Task brief
Using the listing below, retype exactly the lines starting at the one with "unfolding assms(2)[of i]" and ending at the one with "by (rule linear_recurrence_closed_form[where", and include both.

Data for the task

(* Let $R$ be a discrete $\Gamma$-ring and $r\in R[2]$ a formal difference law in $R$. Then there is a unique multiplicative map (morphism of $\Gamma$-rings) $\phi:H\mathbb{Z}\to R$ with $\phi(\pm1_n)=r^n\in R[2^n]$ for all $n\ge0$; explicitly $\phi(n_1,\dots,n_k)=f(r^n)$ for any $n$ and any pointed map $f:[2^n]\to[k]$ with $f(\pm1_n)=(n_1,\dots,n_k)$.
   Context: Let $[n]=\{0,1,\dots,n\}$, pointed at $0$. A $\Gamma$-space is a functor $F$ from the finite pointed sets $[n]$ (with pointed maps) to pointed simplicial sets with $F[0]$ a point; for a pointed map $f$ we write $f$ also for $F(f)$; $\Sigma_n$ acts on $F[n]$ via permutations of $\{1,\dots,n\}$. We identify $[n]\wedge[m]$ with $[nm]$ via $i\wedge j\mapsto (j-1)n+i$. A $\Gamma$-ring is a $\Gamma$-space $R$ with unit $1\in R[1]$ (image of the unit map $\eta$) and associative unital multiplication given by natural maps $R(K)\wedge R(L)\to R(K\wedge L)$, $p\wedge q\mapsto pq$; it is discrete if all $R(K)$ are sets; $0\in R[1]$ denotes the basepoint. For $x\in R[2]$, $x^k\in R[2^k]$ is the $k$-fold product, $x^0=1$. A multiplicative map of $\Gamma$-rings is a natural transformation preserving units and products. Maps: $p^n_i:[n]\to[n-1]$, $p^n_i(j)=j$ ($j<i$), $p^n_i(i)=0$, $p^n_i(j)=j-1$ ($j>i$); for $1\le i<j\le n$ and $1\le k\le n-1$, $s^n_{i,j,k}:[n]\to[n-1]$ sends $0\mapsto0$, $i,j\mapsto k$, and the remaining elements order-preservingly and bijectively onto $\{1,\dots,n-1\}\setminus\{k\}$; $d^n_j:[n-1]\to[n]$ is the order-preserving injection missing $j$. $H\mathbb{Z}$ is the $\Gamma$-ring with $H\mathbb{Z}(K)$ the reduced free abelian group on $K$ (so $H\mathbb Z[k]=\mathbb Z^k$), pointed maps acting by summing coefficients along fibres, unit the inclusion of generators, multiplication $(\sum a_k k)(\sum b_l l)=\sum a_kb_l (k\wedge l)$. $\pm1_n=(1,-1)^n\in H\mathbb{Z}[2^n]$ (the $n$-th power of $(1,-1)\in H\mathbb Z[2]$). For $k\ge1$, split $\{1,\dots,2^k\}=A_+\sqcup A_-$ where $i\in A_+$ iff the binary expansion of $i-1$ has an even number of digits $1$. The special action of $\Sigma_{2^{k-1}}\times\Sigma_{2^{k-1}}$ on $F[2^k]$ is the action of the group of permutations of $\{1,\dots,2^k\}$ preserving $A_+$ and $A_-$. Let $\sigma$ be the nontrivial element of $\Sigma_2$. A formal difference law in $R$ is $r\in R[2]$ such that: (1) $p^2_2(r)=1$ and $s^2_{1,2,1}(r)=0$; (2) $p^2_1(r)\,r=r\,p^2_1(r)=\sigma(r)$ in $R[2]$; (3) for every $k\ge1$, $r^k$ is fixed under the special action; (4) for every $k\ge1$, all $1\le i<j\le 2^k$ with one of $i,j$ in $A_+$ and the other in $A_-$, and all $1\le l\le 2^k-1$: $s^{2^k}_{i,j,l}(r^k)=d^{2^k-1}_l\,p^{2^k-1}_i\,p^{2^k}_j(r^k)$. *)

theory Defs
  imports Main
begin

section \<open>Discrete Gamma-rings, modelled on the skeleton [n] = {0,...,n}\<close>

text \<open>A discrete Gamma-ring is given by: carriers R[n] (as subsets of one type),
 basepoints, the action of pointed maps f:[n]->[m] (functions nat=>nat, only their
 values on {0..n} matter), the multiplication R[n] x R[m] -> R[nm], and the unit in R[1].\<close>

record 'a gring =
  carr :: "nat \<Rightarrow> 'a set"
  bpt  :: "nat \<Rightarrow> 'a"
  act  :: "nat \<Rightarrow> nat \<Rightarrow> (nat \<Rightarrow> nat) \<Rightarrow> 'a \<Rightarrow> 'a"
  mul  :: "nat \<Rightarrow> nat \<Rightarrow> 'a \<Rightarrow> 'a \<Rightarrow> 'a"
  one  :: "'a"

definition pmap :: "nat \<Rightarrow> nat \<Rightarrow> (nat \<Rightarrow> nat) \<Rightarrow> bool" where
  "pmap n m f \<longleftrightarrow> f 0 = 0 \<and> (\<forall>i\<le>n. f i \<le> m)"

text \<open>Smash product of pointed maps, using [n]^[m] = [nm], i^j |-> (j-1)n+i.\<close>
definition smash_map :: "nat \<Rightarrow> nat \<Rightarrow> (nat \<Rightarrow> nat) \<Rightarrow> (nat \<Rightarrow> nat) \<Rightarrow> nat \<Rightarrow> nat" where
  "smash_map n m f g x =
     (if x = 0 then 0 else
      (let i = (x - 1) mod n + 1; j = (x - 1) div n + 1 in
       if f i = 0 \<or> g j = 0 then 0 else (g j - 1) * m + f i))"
--
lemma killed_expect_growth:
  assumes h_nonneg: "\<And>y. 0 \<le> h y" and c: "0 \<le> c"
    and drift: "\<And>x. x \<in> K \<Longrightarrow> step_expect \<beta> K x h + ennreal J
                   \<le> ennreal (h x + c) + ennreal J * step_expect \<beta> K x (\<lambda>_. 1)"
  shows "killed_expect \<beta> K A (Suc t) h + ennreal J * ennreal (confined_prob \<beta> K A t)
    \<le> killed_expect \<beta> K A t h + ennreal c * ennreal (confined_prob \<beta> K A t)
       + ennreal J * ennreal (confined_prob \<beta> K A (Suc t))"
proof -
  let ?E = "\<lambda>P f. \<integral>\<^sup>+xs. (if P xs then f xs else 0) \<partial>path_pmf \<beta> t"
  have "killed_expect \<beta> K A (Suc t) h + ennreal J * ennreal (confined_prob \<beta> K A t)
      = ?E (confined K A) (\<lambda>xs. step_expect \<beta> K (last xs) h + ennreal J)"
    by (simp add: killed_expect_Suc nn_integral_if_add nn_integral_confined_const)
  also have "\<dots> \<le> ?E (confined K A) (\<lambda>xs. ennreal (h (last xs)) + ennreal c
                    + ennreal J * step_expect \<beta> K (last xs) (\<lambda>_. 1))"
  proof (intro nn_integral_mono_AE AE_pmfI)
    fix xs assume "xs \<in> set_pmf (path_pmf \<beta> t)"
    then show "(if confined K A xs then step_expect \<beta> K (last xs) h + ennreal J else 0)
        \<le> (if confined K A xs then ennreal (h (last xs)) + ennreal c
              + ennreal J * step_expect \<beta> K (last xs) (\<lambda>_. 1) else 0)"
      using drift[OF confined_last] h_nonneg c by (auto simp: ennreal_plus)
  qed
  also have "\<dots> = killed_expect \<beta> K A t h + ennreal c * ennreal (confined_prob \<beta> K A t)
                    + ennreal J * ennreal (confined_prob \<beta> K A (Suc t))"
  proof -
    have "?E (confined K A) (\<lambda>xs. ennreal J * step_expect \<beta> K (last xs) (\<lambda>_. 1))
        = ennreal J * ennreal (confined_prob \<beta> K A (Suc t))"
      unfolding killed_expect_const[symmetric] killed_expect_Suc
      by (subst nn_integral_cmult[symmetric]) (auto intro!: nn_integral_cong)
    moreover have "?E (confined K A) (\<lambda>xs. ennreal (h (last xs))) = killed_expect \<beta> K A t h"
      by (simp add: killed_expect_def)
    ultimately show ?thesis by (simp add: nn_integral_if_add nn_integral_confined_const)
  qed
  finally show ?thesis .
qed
---
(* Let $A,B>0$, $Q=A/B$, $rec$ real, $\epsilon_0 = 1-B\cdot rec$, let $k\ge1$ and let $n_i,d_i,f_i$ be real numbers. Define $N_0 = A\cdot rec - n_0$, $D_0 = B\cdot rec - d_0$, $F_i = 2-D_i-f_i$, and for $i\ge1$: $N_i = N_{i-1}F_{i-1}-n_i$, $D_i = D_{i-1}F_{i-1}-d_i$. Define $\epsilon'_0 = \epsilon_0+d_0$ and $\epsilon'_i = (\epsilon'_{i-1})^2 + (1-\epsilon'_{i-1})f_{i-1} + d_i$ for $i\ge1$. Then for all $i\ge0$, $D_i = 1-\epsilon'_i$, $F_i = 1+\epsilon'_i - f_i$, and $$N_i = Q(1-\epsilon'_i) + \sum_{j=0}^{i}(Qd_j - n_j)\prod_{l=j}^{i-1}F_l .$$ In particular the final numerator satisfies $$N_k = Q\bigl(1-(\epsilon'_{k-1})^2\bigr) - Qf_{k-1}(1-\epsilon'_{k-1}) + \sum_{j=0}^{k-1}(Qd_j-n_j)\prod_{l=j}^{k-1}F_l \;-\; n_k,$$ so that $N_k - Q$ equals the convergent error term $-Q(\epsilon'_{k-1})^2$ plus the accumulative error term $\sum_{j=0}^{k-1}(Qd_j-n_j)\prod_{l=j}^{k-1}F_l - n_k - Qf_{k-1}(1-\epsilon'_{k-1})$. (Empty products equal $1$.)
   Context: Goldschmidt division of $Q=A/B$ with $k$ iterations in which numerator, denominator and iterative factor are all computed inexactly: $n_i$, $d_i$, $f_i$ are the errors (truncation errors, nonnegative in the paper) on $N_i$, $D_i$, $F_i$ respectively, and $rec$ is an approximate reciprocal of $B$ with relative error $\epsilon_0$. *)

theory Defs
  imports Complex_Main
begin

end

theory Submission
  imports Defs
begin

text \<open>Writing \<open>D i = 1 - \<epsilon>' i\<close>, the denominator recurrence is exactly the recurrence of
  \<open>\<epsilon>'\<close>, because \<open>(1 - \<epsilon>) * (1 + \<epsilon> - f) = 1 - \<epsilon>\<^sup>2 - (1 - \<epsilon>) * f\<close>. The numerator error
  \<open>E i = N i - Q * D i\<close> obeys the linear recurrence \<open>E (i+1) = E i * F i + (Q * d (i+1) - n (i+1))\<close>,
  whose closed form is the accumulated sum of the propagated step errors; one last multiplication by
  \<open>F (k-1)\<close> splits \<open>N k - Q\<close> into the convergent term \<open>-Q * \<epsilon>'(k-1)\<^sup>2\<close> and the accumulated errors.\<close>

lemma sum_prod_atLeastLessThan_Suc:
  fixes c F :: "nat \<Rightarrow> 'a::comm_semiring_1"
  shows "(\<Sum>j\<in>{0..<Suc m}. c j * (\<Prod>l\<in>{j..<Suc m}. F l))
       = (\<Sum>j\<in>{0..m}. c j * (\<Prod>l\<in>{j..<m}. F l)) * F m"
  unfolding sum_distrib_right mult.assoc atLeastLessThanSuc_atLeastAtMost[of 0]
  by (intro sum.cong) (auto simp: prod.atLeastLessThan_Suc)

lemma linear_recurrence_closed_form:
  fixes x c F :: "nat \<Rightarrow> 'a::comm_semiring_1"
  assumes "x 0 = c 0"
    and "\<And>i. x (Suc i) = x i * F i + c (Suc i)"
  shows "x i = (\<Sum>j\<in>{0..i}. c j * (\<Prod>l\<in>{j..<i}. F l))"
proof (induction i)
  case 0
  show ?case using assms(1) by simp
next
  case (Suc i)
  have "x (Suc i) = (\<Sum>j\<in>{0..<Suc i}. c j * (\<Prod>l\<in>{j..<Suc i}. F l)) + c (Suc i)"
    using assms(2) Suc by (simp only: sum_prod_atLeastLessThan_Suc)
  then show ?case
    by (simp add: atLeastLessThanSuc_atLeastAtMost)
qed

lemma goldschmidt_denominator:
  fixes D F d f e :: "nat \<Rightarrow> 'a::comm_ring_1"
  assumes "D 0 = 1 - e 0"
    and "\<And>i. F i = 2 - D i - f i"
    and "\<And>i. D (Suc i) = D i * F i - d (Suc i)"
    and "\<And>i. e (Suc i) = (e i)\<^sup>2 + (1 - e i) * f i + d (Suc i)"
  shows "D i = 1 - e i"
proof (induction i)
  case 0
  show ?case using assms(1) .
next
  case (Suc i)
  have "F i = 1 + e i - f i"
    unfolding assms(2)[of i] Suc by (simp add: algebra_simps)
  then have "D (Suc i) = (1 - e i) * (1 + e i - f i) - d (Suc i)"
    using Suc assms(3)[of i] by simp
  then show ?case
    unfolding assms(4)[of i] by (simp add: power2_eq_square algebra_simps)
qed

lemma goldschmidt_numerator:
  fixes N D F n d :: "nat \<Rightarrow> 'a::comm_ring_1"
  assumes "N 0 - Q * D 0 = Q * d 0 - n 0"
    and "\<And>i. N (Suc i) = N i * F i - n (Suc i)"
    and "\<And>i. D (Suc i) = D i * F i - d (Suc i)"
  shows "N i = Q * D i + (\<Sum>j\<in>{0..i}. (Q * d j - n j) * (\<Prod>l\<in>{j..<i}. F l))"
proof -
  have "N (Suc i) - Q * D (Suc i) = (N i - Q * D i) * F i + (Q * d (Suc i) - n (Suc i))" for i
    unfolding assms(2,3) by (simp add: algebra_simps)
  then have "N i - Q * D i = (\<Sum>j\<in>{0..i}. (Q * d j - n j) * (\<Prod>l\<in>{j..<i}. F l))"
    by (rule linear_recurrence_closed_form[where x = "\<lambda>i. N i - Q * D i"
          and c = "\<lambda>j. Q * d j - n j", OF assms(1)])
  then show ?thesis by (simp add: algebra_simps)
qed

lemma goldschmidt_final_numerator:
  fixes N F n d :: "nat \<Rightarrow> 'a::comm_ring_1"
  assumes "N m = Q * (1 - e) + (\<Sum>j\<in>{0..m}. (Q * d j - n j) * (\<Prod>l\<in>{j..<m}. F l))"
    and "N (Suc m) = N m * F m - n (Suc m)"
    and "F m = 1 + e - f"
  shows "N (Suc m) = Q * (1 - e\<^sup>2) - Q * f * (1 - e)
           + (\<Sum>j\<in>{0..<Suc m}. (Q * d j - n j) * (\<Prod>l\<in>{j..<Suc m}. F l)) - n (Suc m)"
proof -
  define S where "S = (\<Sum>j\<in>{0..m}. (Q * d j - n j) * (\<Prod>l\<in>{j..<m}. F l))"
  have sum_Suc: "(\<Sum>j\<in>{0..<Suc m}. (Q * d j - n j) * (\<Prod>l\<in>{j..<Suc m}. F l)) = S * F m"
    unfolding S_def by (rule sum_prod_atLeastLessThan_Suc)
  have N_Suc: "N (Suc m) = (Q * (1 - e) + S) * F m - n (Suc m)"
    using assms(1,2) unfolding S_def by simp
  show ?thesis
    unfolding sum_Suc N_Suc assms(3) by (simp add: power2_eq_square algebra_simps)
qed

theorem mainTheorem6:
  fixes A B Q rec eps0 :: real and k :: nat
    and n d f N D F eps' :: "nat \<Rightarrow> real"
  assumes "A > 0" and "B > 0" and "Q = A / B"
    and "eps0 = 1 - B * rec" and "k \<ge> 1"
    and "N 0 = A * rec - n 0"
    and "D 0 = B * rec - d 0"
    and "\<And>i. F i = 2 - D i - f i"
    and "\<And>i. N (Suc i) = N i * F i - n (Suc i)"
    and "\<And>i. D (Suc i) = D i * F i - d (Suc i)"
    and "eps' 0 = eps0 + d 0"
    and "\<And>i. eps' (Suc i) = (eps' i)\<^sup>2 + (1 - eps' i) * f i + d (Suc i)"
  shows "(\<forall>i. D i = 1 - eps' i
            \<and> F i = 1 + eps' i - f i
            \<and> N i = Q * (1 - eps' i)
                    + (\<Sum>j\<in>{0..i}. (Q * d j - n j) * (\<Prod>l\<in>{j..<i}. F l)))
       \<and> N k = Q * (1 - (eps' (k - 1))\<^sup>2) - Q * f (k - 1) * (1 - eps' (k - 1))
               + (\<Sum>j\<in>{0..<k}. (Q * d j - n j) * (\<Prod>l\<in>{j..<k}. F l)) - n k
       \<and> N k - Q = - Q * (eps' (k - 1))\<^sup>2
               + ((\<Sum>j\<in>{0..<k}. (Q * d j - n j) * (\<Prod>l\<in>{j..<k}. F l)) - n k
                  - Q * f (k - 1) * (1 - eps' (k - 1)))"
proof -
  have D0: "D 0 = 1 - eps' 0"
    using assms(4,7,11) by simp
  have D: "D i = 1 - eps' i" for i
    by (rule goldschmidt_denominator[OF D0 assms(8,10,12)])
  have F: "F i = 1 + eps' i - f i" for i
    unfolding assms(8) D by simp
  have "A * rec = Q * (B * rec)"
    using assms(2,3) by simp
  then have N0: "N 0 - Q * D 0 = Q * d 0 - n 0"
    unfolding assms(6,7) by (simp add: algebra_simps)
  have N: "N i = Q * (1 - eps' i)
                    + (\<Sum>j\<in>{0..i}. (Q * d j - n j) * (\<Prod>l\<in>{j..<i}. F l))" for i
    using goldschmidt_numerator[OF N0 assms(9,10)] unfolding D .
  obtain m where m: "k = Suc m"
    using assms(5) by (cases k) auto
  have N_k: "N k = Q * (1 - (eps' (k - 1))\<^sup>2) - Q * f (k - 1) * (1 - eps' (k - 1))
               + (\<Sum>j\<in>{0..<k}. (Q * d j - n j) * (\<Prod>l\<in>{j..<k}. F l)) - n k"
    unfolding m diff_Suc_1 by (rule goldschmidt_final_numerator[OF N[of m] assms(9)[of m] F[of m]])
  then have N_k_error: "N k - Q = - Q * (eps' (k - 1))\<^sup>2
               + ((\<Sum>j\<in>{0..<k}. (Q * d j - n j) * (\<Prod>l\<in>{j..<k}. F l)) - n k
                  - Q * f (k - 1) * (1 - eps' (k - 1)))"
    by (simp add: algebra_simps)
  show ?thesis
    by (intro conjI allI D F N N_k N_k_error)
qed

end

Your solution
    unfolding assms(2)[of i] Suc by (simp add: algebra_simps)
  then have "D (Suc i) = (1 - e i) * (1 + e i - f i) - d (Suc i)"
    using Suc assms(3)[of i] by simp
  then show ?case
    unfolding assms(4)[of i] by (simp add: power2_eq_square algebra_simps)
qed

lemma goldschmidt_numerator:
  fixes N D F n d :: "nat \<Rightarrow> 'a::comm_ring_1"
  assumes "N 0 - Q * D 0 = Q * d 0 - n 0"
    and "\<And>i. N (Suc i) = N i * F i - n (Suc i)"
    and "\<And>i. D (Suc i) = D i * F i - d (Suc i)"
  shows "N i = Q * D i + (\<Sum>j\<in>{0..i}. (Q * d j - n j) * (\<Prod>l\<in>{j..<i}. F l))"
proof -
  have "N (Suc i) - Q * D (Suc i) = (N i - Q * D i) * F i + (Q * d (Suc i) - n (Suc i))" for i
    unfolding assms(2,3) by (simp add: algebra_simps)
  then have "N i - Q * D i = (\<Sum>j\<in>{0..i}. (Q * d j - n j) * (\<Prod>l\<in>{j..<i}. F l))"
    by (rule linear_recurrence_closed_form[where x = "\<lambda>i. N i - Q * D i"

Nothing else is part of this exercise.